AIM OF THE TASK
Copy exactly the lines of the records below, and only those lines, beginning with the line that contains "p\<^esub> y \<in>" and ending with the line that contains "by (auto simp: symdiff_def)".

ENTRIES SUPPLIED
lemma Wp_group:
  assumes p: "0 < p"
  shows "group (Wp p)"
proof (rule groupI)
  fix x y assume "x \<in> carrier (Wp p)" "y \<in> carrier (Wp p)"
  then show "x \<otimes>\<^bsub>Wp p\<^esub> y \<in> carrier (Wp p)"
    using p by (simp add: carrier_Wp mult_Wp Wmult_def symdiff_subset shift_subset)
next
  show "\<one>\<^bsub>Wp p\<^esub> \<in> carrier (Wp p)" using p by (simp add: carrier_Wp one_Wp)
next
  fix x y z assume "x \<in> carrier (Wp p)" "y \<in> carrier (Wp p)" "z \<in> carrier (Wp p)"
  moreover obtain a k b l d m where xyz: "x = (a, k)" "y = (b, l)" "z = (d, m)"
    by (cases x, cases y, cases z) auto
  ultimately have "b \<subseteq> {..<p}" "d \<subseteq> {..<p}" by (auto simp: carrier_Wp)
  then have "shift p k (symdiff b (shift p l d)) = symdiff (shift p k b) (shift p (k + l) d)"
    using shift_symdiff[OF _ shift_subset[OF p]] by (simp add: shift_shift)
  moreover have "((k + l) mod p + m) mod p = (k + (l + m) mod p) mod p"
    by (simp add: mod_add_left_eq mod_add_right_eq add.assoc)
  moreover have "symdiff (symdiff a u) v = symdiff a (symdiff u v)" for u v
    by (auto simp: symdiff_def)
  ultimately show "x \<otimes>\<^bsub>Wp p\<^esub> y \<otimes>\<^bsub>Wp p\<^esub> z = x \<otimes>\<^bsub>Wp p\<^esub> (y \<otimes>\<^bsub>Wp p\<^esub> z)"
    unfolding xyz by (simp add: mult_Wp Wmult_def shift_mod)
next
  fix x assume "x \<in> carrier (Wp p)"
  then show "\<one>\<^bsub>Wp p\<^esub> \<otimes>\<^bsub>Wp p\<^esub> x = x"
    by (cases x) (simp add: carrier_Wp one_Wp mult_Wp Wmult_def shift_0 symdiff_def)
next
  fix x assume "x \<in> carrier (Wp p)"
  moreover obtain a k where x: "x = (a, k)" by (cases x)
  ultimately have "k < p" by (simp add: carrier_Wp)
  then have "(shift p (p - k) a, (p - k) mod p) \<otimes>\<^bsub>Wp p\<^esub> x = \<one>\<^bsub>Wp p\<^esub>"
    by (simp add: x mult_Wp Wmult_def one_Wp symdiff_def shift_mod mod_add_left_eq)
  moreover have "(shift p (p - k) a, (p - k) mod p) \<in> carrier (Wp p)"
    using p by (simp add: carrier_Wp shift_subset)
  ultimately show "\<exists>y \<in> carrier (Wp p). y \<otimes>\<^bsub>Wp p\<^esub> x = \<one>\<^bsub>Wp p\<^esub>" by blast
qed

SOLUTION FOR THIS TASK
  then show "x \<otimes>\<^bsub>Wp p\<^esub> y \<in> carrier (Wp p)"
    using p by (simp add: carrier_Wp mult_Wp Wmult_def symdiff_subset shift_subset)
next
  show "\<one>\<^bsub>Wp p\<^esub> \<in> carrier (Wp p)" using p by (simp add: carrier_Wp one_Wp)
next
  fix x y z assume "x \<in> carrier (Wp p)" "y \<in> carrier (Wp p)" "z \<in> carrier (Wp p)"
  moreover obtain a k b l d m where xyz: "x = (a, k)" "y = (b, l)" "z = (d, m)"
    by (cases x, cases y, cases z) auto
  ultimately have "b \<subseteq> {..<p}" "d \<subseteq> {..<p}" by (auto simp: carrier_Wp)
  then have "shift p k (symdiff b (shift p l d)) = symdiff (shift p k b) (shift p (k + l) d)"
    using shift_symdiff[OF _ shift_subset[OF p]] by (simp add: shift_shift)
  moreover have "((k + l) mod p + m) mod p = (k + (l + m) mod p) mod p"
    by (simp add: mod_add_left_eq mod_add_right_eq add.assoc)
  moreover have "symdiff (symdiff a u) v = symdiff a (symdiff u v)" for u v
    by (auto simp: symdiff_def)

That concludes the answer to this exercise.